Goodnight. I'm gonna check on Mike18..
Grey (5:10 AM)
Tuesday, January 21, 2003
Muhaha.. bAcK tO sChOoL!
Yeah, that's right, I'm back at school children. I have to say I had a fun little break. My last week home was greyt. My mom stopped being insane and I got to spend a lot of time with The Boobula (I love you). It sucked that Brad had to leave so early, butcha gotta do whatcha gotta do I s'pose. I guess when I have something to post I'll come back and such.
Grey (7:30 PM)
Tuesday, January 14, 2003
This morning I got a wake-up call from Sweden. My gal Serenity dropped me a line on her RSVP status for StefenStock 2k3. It's basically a gathering of the peepz from my mud here at my place to chat and stuff.
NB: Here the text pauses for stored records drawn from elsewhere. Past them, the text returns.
definition morse_stratum :: "(real \<Rightarrow> real \<Rightarrow> real) \<Rightarrow> 'a::metric_space \<Rightarrow> 'a set" where
  "morse_stratum N e = {y. \<exists>g. N_Morse_geodesic N g e y}"

definition gromov_product :: "'a::metric_space \<Rightarrow> 'a \<Rightarrow> 'a \<Rightarrow> real" where
  "gromov_product w x y = (dist w x + dist w y - dist x y) / 2"

end

theory Submission
  imports Defs
begin

text \<open>Let \<open>p\<close> be a point of a geodesic \<open>[x,y]\<close> nearest to \<open>e\<close>. Following a geodesic from \<open>e\<close>
  to \<open>p\<close> and then \<open>[p,x]\<close> is a (3,0)-quasi-geodesic, so the Morse property keeps \<open>[e,p]\<close>
  within \<open>2N(3,0)\<close> of an \<open>N\<close>-Morse geodesic \<open>[e,x]\<close> up to time \<open>(x\<cdot>y)\<^sub>e \<le> d(e,p)\<close>, and
  likewise for \<open>y\<close>. Hence \<open>N\<close>-Morse geodesics from \<open>e\<close> to \<open>x\<close> and \<open>y\<close> stay \<open>4N(3,0)\<close>-close
  up to time \<open>(x\<cdot>y)\<^sub>e\<close>, which makes the Gromov products based at \<open>e\<close> satisfy the
  \<open>4N(3,0)\<close>-hyperbolicity inequality; moving the base point doubles the constant.\<close>

lemma geodesic_from_dist:
  assumes "geodesic_from g x y" "s \<in> {0..dist x y}" "t \<in> {0..dist x y}"
  shows "dist (g s) (g t) = \<bar>s - t\<bar>"
  using assms unfolding geodesic_from_def by blast

lemma geodesic_from_endpoints:
  assumes "geodesic_from g x y"
  shows "g 0 = x" "g (dist x y) = y"
  using assms unfolding geodesic_from_def by auto

lemma dist_start_geodesic_from:
  assumes "geodesic_from g x y" "s \<in> {0..dist x y}"
  shows "dist x (g s) = s"
  using geodesic_from_dist[OF assms(1), of 0 s] assms geodesic_from_endpoints[OF assms(1)] by auto

lemma dist_geodesic_from_end:
  assumes "geodesic_from g x y" "s \<in> {0..dist x y}"
  shows "dist (g s) y = dist x y - s"
  using geodesic_from_dist[OF assms(1), of s "dist x y"] assms geodesic_from_endpoints[OF assms(1)]
  by auto

lemma continuous_on_geodesic_from:
  assumes "geodesic_from g x y"
  shows "continuous_on {0..dist x y} g"
  unfolding continuous_on_iff
proof (intro ballI allI impI)
  fix s \<epsilon> :: real assume "s \<in> {0..dist x y}" "0 < \<epsilon>"
  then show "\<exists>d>0. \<forall>t\<in>{0..dist x y}. dist t s < d \<longrightarrow> dist (g t) (g s) < \<epsilon>"
    using geodesic_from_dist[OF assms] by (intro exI[of _ \<epsilon>]) (auto simp: dist_real_def)
qed

lemma geodesic_from_reverse_initial_segment:
  assumes "geodesic_from \<gamma> x y" "r \<in> {0..dist x y}"
  shows "geodesic_from (\<lambda>t. \<gamma> (r - t)) (\<gamma> r) x"
proof -
  have "dist (\<gamma> r) x = r"
    using dist_start_geodesic_from[OF assms] by (simp add: dist_commute)
  then show ?thesis
    using assms geodesic_from_dist[OF assms(1)] geodesic_from_endpoints[OF assms(1)]
    unfolding geodesic_from_def[of _ "\<gamma> r"] by auto
qed

lemma geodesic_from_final_segment:
  assumes "geodesic_from \<gamma> x y" "r \<in> {0..dist x y}"
  shows "geodesic_from (\<lambda>t. \<gamma> (r + t)) (\<gamma> r) y"
proof -
  have "dist (\<gamma> r) y = dist x y - r"
    using dist_geodesic_from_end[OF assms] .
  then show ?thesis
    using assms geodesic_from_dist[OF assms(1)] geodesic_from_endpoints[OF assms(1)]
    unfolding geodesic_from_def[of _ "\<gamma> r"] by auto
qed

lemma gromov_product_commute: "gromov_product w x y = gromov_product w y x"
  unfolding gromov_product_def by (simp add: dist_commute)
Blythe and Glenn left here at 2am or so and I went to bed at 5 after playing Vandal Hearts II for 3h. Serenity called at 8:30 and I haven't been able to get back to sleep since then. I am so tired of life and am stressing myself out.
I just wanna be happy. I just wanna travel away from here. I want to take Blythe with me. I want my friends to come along too. She might even be going to Stony Brook this semester but probably still won't date me for whatever reason. She isn't going to date me and think she can fool around with other guys though, nuh uh. I am so tired and sick to my stomach of being miserable in the mornings. I just wanna be happy, however I have to achieve that. Maybe I'm just selfish. I know I'm stressing myself out thinking about it.
My mother has been pulling the same crap lately too. Every since Christmas she's been using the phrase "Stefen, you're stressing me out" just for no reason.
*mom walks in door*
Me: Hey mom.
Her: Stefen, you're stressing me out.
It's ridiculous. What the fuck have I done? I am not a horrible person. I may be selfish but that doesn't make me horrible on the whole.
I am just so tired.
I just want to be happy.
I want what I want.
Maybe that's selfish.
Well fuck you then.
I'm gonna talk to Andrea now then maybe attempt sleep again, though I know I'll fail at that like most other things.